WORK TASK: Could you set down exactly the lines of the data below, starting at the one that holds "2)) \<in> borel_measurable" and ending at the one that holds "in \<mu>. ((\<lambda>t.", both included, and only those?
[SUPPLIED MATERIAL Boundary: Start]
lemma abs_gamma_meas_minus_K_const_mult_bessel3_Q_le:
  assumes [measurable]: "f \<in> borel_measurable borel"
    and f_int: "set_integrable lborel {0..} (\<lambda>y. \<bar>f y\<bar> * y\<^sup>2)"
      "set_integrable lborel {0..} (\<lambda>y. \<bar>f y\<bar> * y ^ 4)"
    and "t > 0" "x > 0"
  shows "\<bar>gamma_meas f - K_const t * bessel3_Q t f x\<bar>
    \<le> (x\<^sup>2 * (LBINT y:{0..}. \<bar>f y\<bar> * y\<^sup>2) + (LBINT y:{0..}. \<bar>f y\<bar> * y ^ 4)) / (2 * t)"
proof -
  note moments = set_integral_abs_mult_moments[OF f_int, of x]
  have "\<bar>LBINT y:{0..}. f y * (y\<^sup>2 - K_const t * bessel3_density t x y)\<bar>
      \<le> (LBINT y:{0..}. \<bar>f y\<bar> * (y\<^sup>2 * (x\<^sup>2 + y\<^sup>2)) / (2 * t))"
  proof (rule abs_set_integral_le_set_integral)
    show "set_integrable lborel {0..} (\<lambda>y. \<bar>f y\<bar> * (y\<^sup>2 * (x\<^sup>2 + y\<^sup>2)) / (2 * t))"
      using moments(1) by (rule set_integrable_divide)
    show "set_borel_measurable lborel {0..} (\<lambda>y. f y * (y\<^sup>2 - K_const t * bessel3_density t x y))"
      unfolding set_borel_measurable_def by measurable
    fix y :: real
    assume "y \<in> {0..}"
    with K_const_mult_bessel3_density_bounds[OF assms(4,5)]
    show "\<bar>f y * (y\<^sup>2 - K_const t * bessel3_density t x y)\<bar> \<le> \<bar>f y\<bar> * (y\<^sup>2 * (x\<^sup>2 + y\<^sup>2)) / (2 * t)"
      by (simp add: abs_mult mult_left_mono times_divide_eq_right[symmetric] del: times_divide_eq_right)
  qed
  then show ?thesis
    using moments(2) by (simp add: gamma_meas_minus_K_const_mult_bessel3_Q[OF assms(1,2,4,5)])
qed

lemma tendsto_gamma_meas_minus_K_const_mult_bessel3_Q:
  assumes [measurable]: "f \<in> borel_measurable borel"
    and f_int: "set_integrable lborel {0..} (\<lambda>y. \<bar>f y\<bar> * y\<^sup>2)"
      "set_integrable lborel {0..} (\<lambda>y. \<bar>f y\<bar> * y ^ 4)"
    and "x > 0"
  shows "((\<lambda>t. t * (gamma_meas f - K_const t * bessel3_Q t f x))
    \<longlongrightarrow> (LBINT y:{0..}. f y * (y\<^sup>2 * (x\<^sup>2 + y\<^sup>2) / 2))) at_top"
proof -
  have "((\<lambda>t. LBINT y:{0..}. f y * (t * (y\<^sup>2 - K_const t * bessel3_density t x y)))
      \<longlongrightarrow> (LBINT y:{0..}. f y * (y\<^sup>2 * (x\<^sup>2 + y\<^sup>2) / 2))) at_top"
  proof (rule set_integral_dominated_convergence_at_top)
    show "set_integrable lborel {0..} (\<lambda>y. \<bar>f y\<bar> * (y\<^sup>2 * (x\<^sup>2 + y\<^sup>2)) / 2)"
      using set_integral_abs_mult_moments(1)[OF f_int] by (rule set_integrable_divide)
    show "AE y in lborel. y \<in> {0..} \<longrightarrow> ((\<lambda>t. f y * (t * (y\<^sup>2 - K_const t * bessel3_density t x y)))
        \<longlongrightarrow> f y * (y\<^sup>2 * (x\<^sup>2 + y\<^sup>2) / 2)) at_top"
      using tendsto_K_const_mult_bessel3_density[OF assms(4)] by (intro AE_I2 impI tendsto_mult_left) simp
    show "\<forall>\<^sub>F t in at_top. AE y in lborel. y \<in> {0..} \<longrightarrow>
        \<bar>f y * (t * (y\<^sup>2 - K_const t * bessel3_density t x y))\<bar> \<le> \<bar>f y\<bar> * (y\<^sup>2 * (x\<^sup>2 + y\<^sup>2)) / 2"
      using eventually_gt_at_top[of 0]
    proof eventually_elim
      case (elim t)
      note bounds = K_const_mult_bessel3_density_bounds[OF elim assms(4)]
      have "t * (y\<^sup>2 - K_const t * bessel3_density t x y) \<le> y\<^sup>2 * (x\<^sup>2 + y\<^sup>2) / 2" if "y \<ge> 0" for y
        using mult_left_mono[OF bounds(3)[OF that], of t] elim by simp
      with bounds(2) elim show ?case
        by (intro AE_I2) (simp add: abs_mult mult_left_mono times_divide_eq_right[symmetric] del: times_divide_eq_right)
    qed
  qed measurable
  moreover have "\<forall>\<^sub>F t in at_top. (LBINT y:{0..}. f y * (t * (y\<^sup>2 - K_const t * bessel3_density t x y)))
      = t * (gamma_meas f - K_const t * bessel3_Q t f x)"
    using eventually_gt_at_top[of 0]
    by eventually_elim
      (simp add: gamma_meas_minus_K_const_mult_bessel3_Q[OF assms(1,2) _ assms(4)] mult.left_commute)
  ultimately show ?thesis
    by (rule Lim_transform_eventually)
qed

lemma gamma_meas_minus_K_const_mult_mu_Q:
  assumes "prob_space \<mu>" "sets \<mu> = sets borel" "AE x in \<mu>. 0 < x"
    and "f \<in> borel_measurable borel" "set_integrable lborel {0..} (\<lambda>y. \<bar>f y\<bar> * y\<^sup>2)" "t > 0"
  shows "gamma_meas f - K_const t * mu_Q \<mu> t f = (\<integral>x. gamma_meas f - K_const t * bessel3_Q t f x \<partial>\<mu>)"
proof -
  interpret prob_space \<mu>
    by fact
  have "integrable \<mu> (\<lambda>x. K_const t * bessel3_Q t f x)"
  proof (rule Bochner_Integration.integrable_bound[where f="\<lambda>_. LBINT y:{0..}. \<bar>f y\<bar> * y\<^sup>2"])
    note [measurable] = borel_measurable_bessel3_Q[OF assms(4)]
    show "(\<lambda>x. K_const t * bessel3_Q t f x) \<in> borel_measurable \<mu>"
      unfolding measurable_cong_sets[OF assms(2) refl] by measurable
    show "AE x in \<mu>. norm (K_const t * bessel3_Q t f x) \<le> norm (LBINT y:{0..}. \<bar>f y\<bar> * y\<^sup>2)"
      using assms(3) by eventually_elim (use abs_K_const_mult_bessel3_Q_le[OF assms(4-6)] in force)
  qed simp
  moreover have "K_const t \<noteq> 0"
    using \<open>t > 0\<close> by (simp add: K_const_def)
  ultimately show ?thesis
    by (simp add: mu_Q_def prob_space)
qed

lemma abs_gamma_meas_minus_K_const_mult_mu_Q_le:
  assumes \<mu>: "prob_space \<mu>" "sets \<mu> = sets borel" "AE x in \<mu>. 0 < x" "integrable \<mu> (\<lambda>x. x\<^sup>2)"
    and f: "f \<in> borel_measurable borel" "set_integrable lborel {0..} (\<lambda>y. \<bar>f y\<bar> * y\<^sup>2)"
      "set_integrable lborel {0..} (\<lambda>y. \<bar>f y\<bar> * y ^ 4)"
    and "t > 0"
  shows "\<bar>gamma_meas f - K_const t * mu_Q \<mu> t f\<bar>
    \<le> ((1/2) * (LBINT y:{0..}. \<bar>f y\<bar> * y\<^sup>2) * (\<integral>x. x\<^sup>2 \<partial>\<mu>)
       + (1/2) * (LBINT y:{0..}. \<bar>f y\<bar> * y ^ 4)) / t"
proof -
  interpret prob_space \<mu>
    by fact
  define A where "A = (LBINT y:{0..}. \<bar>f y\<bar> * y\<^sup>2)"
  define B where "B = (LBINT y:{0..}. \<bar>f y\<bar> * y ^ 4)"
  have "0 \<le> A" "0 \<le> B"
    unfolding A_def B_def set_lebesgue_integral_def by (auto intro!: integral_nonneg_AE)
  have "\<bar>\<integral>x. gamma_meas f - K_const t * bessel3_Q t f x \<partial>\<mu>\<bar>
      \<le> (\<integral>x. \<bar>gamma_meas f - K_const t * bessel3_Q t f x\<bar> \<partial>\<mu>)"
    by (rule integral_abs_bound)
  also have "\<dots> \<le> (\<integral>x. (x\<^sup>2 * A + B) / (2 * t) \<partial>\<mu>)"
  proof (rule integral_mono_AE')
    show "integrable \<mu> (\<lambda>x. (x\<^sup>2 * A + B) / (2 * t))"
      using \<mu>(4) by simp
    show "AE x in \<mu>. \<bar>gamma_meas f - K_const t * bessel3_Q t f x\<bar> \<le> (x\<^sup>2 * A + B) / (2 * t)"
      using \<mu>(3) unfolding A_def B_def
      by eventually_elim (rule abs_gamma_meas_minus_K_const_mult_bessel3_Q_le[OF f \<open>t > 0\<close>])
    show "AE x in \<mu>. 0 \<le> (x\<^sup>2 * A + B) / (2 * t)"
      using \<open>0 \<le> A\<close> \<open>0 \<le> B\<close> \<open>t > 0\<close> by simp
  qed
  also have "\<dots> = ((1/2) * A * (\<integral>x. x\<^sup>2 \<partial>\<mu>) + (1/2) * B) / t"
    using \<mu>(4) by (simp add: prob_space field_simps)
  finally show ?thesis
    unfolding A_def B_def gamma_meas_minus_K_const_mult_mu_Q[OF \<mu>(1-3) f(1,2) \<open>t > 0\<close>] .
qed

lemma tendsto_gamma_meas_minus_K_const_mult_mu_Q:
  assumes \<mu>: "prob_space \<mu>" "sets \<mu> = sets borel" "AE x in \<mu>. 0 < x" "integrable \<mu> (\<lambda>x. x\<^sup>2)"
    and f: "f \<in> borel_measurable borel" "set_integrable lborel {0..} (\<lambda>y. \<bar>f y\<bar> * y\<^sup>2)"
      "set_integrable lborel {0..} (\<lambda>y. \<bar>f y\<bar> * y ^ 4)"
  shows "((\<lambda>t. t * (gamma_meas f - K_const t * mu_Q \<mu> t f))
    \<longlongrightarrow> (\<integral>x. (LBINT y:{0..}. f y * (y\<^sup>2 * (x\<^sup>2 + y\<^sup>2) / 2)) \<partial>\<mu>)) at_top"
proof -
  interpret prob_space \<mu>
    by fact
  define A where "A = (LBINT y:{0..}. \<bar>f y\<bar> * y\<^sup>2)"
  define B where "B = (LBINT y:{0..}. \<bar>f y\<bar> * y ^ 4)"
  note [measurable] = f(1) borel_measurable_bessel3_Q[OF f(1)]
  note \<mu>_measurable = measurable_cong_sets[OF \<mu>(2) refl]
  have "((\<lambda>t. \<integral>x. t * (gamma_meas f - K_const t * bessel3_Q t f x) \<partial>\<mu>)
      \<longlongrightarrow> (\<integral>x. (LBINT y:{0..}. f y * (y\<^sup>2 * (x\<^sup>2 + y\<^sup>2) / 2)) \<partial>\<mu>)) at_top"
  proof (rule integral_dominated_convergence_at_top[where w="\<lambda>x. (x\<^sup>2 * A + B) / 2"])
    show "(\<lambda>x. LBINT y:{0..}. f y * (y\<^sup>2 * (x\<^sup>2 + y\<^sup>2) / 2)) \<in> borel_measurable \<mu>"
      unfolding \<mu>_measurable set_lebesgue_integral_def by measurable
    show "(\<lambda>x. t * (gamma_meas f - K_const t * bessel3_Q t f x)) \<in> borel_measurable \<mu>" for t
      unfolding \<mu>_measurable by measurable
    show "integrable \<mu> (\<lambda>x. (x\<^sup>2 * A + B) / 2)"
      using \<mu>(4) by simp
    show "AE x in \<mu>. ((\<lambda>t. t * (gamma_meas f - K_const t * bessel3_Q t f x))
        \<longlongrightarrow> (LBINT y:{0..}. f y * (y\<^sup>2 * (x\<^sup>2 + y\<^sup>2) / 2))) at_top"
      using \<mu>(3) by eventually_elim (rule tendsto_gamma_meas_minus_K_const_mult_bessel3_Q[OF f])
    show "\<forall>\<^sub>F t in at_top. AE x in \<mu>.
        norm (t * (gamma_meas f - K_const t * bessel3_Q t f x)) \<le> (x\<^sup>2 * A + B) / 2"
      using eventually_gt_at_top[of 0]
    proof eventually_elim
      case (elim t)
      show ?case
        using \<mu>(3)
      proof eventually_elim
        case (elim x)
        have "t * \<bar>gamma_meas f - K_const t * bessel3_Q t f x\<bar> \<le> t * ((x\<^sup>2 * A + B) / (2 * t))"
          using abs_gamma_meas_minus_K_const_mult_bessel3_Q_le[OF f \<open>t > 0\<close> elim, folded A_def B_def]
            \<open>t > 0\<close> by (intro mult_left_mono) simp_all
        then show ?case
          using \<open>t > 0\<close> by (simp add: abs_mult)
      qed
    qed
  qed
  moreover have "\<forall>\<^sub>F t in at_top. (\<integral>x. t * (gamma_meas f - K_const t * bessel3_Q t f x) \<partial>\<mu>)
      = t * (gamma_meas f - K_const t * mu_Q \<mu> t f)"
    using eventually_gt_at_top[of 0]
    by eventually_elim (simp add: gamma_meas_minus_K_const_mult_mu_Q[OF \<mu>(1-3) f(1,2)])
  ultimately show ?thesis
    by (rule Lim_transform_eventually)
qed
[SUPPLIED MATERIAL Boundary: End]
RESULT OF THE EXERCISE:
    show "(\<lambda>x. LBINT y:{0..}. f y * (y\<^sup>2 * (x\<^sup>2 + y\<^sup>2) / 2)) \<in> borel_measurable \<mu>"
      unfolding \<mu>_measurable set_lebesgue_integral_def by measurable
    show "(\<lambda>x. t * (gamma_meas f - K_const t * bessel3_Q t f x)) \<in> borel_measurable \<mu>" for t
      unfolding \<mu>_measurable by measurable
    show "integrable \<mu> (\<lambda>x. (x\<^sup>2 * A + B) / 2)"
      using \<mu>(4) by simp
    show "AE x in \<mu>. ((\<lambda>t. t * (gamma_meas f - K_const t * bessel3_Q t f x))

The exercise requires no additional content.